I felt like I was drowning, struggling to get my head above the crowd, listening for the sounds of paramedics that hadn’t come yet. The words dead girl bobbed over and over to the surface.
No, not dead. Posie couldn’t be dead. I twisted my wrists, forcing a gap in Jeremy’s fingers and wriggling free, then brought my elbow back hard in his rib. I heard him grunt, and I darted into the crowd, plowing through it, fiercely determined to get to Posie. To touch her. I blocked out everything else, the smells, the angry people I bumped aside, the morbid curiosity of everyone I touched, and forced my way into the bathroom. Fumes and sweat and fear assaulted me. I shoved my way farther in. I could hear Jeremy calling my name.
In front of one of the stalls, the crowd of bystanders waved hands in front of their faces, brushing away the noxious scent of something burning. Through the gap, I saw Posie’s sandals peaking out of the open stall door. A man knelt at her side, crammed between her body and the wall. He coughed, his eyes watering uncontrollably. I pushed closer. The man held Posie’s wrist, unable to find a pulse. A horrified expression came over his face as he drew her arm cautiously away from his body. Ash-gray blisters crept over her skin, a shape materializing on the inside of her forearm.
The crowd gasped, struggling to see as the number three burned into existence, leaving an oozing white path where it consumed her. The man covered his mouth with his sleeve and dropped her hand.
I fell to my knees and reached for her ankle just as two hands grabbed me under my arms and dragged me back.
It had only been a moment. The faintest flicker. But I’d felt her.
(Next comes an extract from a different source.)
(* Let $T\subseteq\mathbb{N}^{<\mathbb{N}}$ be a tree, order $\mathcal{JT}(T)$ by the Kleene–Brouwer ordering $\leq_{\mathrm{KB}}$, and define $h\colon T\to\boldsymbol\omega^{\mathcal{JT}(T)}$ by $h(\emptyset)=\omega^{\emptyset}\cdot3$ and, for $\sigma\neq\emptyset$, \[h(\sigma)=\Big(\sum_{i<|J(\sigma)|,\ \{i\}^\sigma(i)\uparrow}\omega^{J(\sigma)\restriction i}\Big)+\omega^{J(\sigma)}\cdot2\] (sum written in $\leq_{\mathrm{KB}}$-decreasing order of $i$ increasing). Then for all $\rho,\sigma\in T$ with $\sigma\subsetneq\rho$ we have $h(\rho)<h(\sigma)$ in $\boldsymbol\omega^{\mathcal{JT}(T)}$.
   Context: Strings are coded by natural numbers via a fixed computable coding with $\sigma\subsetneq\tau$ implying code$(\sigma)<$ code$(\tau)$. $\{i\}^\sigma(i)\uparrow$ means the $i$-th machine on input $i$ with oracle $\sigma$ does not halt in fewer than $|\sigma|$ steps. For finite $\sigma$: $t_{-1}=1$, $t_n=\max\{t_{n-1}+1,\mu t(\{n\}^{\sigma\restriction t}(n)\downarrow)\}$ ($t_n=t_{n-1}+1$ if no such $t$), and $J(\sigma)=\langle\sigma\restriction t_0,\dots,\sigma\restriction t_{k-1}\rangle$ with $k$ least such that $t_k>|\sigma|$; $\mathcal{JT}(T)=\{J(\sigma):\sigma\in T\}$. Kleene–Brouwer ordering: $\sigma\leq_{\mathrm{KB}}\tau$ iff $\sigma\supseteq\tau$ or there is $i$ with $\sigma\restriction i=\tau\restriction i$ and $\sigma(i)<\tau(i)$. For a linear ordering $\mathcal{L}$, $\boldsymbol\omega^{\mathcal{L}}$ is the set of finite nonincreasing strings $\langle x_0,\dots,x_{k-1}\rangle$ of elements of $\mathcal{L}$, written $\omega^{x_0}+\dots+\omega^{x_{k-1}}$ (with $\omega^x\cdot m$ meaning $m$ repetitions of $x$), ordered by: $\langle x_0,\dots,x_{k-1}\rangle\leq\langle y_0,\dots,y_{l-1}\rangle$ iff $k\leq l$ and $x_i=y_i$ for $i<k$, or at the least $i$ with $x_i\neq y_i$, $x_i<y_i$. *)

theory Defs
  imports Main "HOL-Library.Sublist"
begin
I let Jeremy carry me away, the crowd swallowing me as I screamed, “Someone help her! She’s alive!”
? ? ?
An hour later we were on the bus, heading home. The emergency exit lights cast a haunting glow over the somber faces around us. It was quiet except for the drone of the engine. No one spoke. One teacher remained at the park with the handful of students who’d claimed they’d been the last to see Posie hours before. Jeremy had dragged me away before the police arrived, insisting that we needed to get back to the bus. He’d been livid, and walked clutching his bruised rib. When he took my hand, I’d tasted the copper and salt of his anger. He’d pulled me hard through the crowd, repeating himself over and over. If we could make it back to the bus, everything would be okay. Paramedics and police rushed past us, and Jeremy kept his head down, murmuring in my ear to keep walking. Everything would be okay, the soothing words at odds with what he was clearly feeling. “There’s nothing we can do for her,” he’d said, holding me close to his side until we were herded into the bus.
I curled in on myself with my arms around my knees, forehead down, and I shut my eyes against the image of Posie blistering and the number three burning. Three, eighteen, ten. What did they mean? Where was the pattern? I forced my brain to zero in on the details, to clamp down on the hard facts of what I’d witnessed. But they were clouded in the chaos of the moment, and the confusion of the crowd.
Think.
I took a deep breath, focused. Started with the obvious. The number in Posie’s arm was made by a chemical burn. But it was the dramatic appearance—the well-timed bleaching of the number in her coffee-brown skin, white blisters in necrotized flesh—that gave the only clue to which chemical might have been used.
Bits and pieces of data circled my brain, like puzzle pieces sliding over a tabletop, seeking a logical intersection. Slowly, they began snapping together. The acid was probably lipophilic. Hydrofluoric acid was highly corrosive and yet slow to show burn symptoms on the skin. It could be purchased in most hardware stores, and would be easy to smuggle into the park in a sealed plastic water bottle. A set of rubber gloves and a small mask to protect the lungs would be just as easy to conceal. That’s all that would have been needed to administer the poison, and a very small amount, just a few milliliters, would have been enough to kill her.
But somehow, Posie Washington had survived.
“How did you know?” Jeremy startled me. The question was barely more than a whisper in the dark. I pulled my head from my hands and looked up at him, unsure what he was really asking. Was he asking me how I knew where to find her, or how I knew she was alive? It didn’t matter. I couldn’t tell him anyway.
I let my silence speak for me. For Emily and Marcia and Posie. For the mysterious numbers etched in their skin. There was nothing to say. My puzzle was riddled with holes, pieces thrown everywhere and none of them fit. I had no answers for any of this.
Instead, I said, “I’m sorry. I didn’t mean to hurt you. I just needed to see her. Are your ribs okay?”
Jeremy massaged them tenderly. “Remind me never to sneak up behind you.”
“Why were you so mad back there?”
He gaped at me, shaking his head as if he couldn’t believe I’d asked the question. “You were trying to run headlong into what may or may not have been the scene of an attempted murder, Nearly.”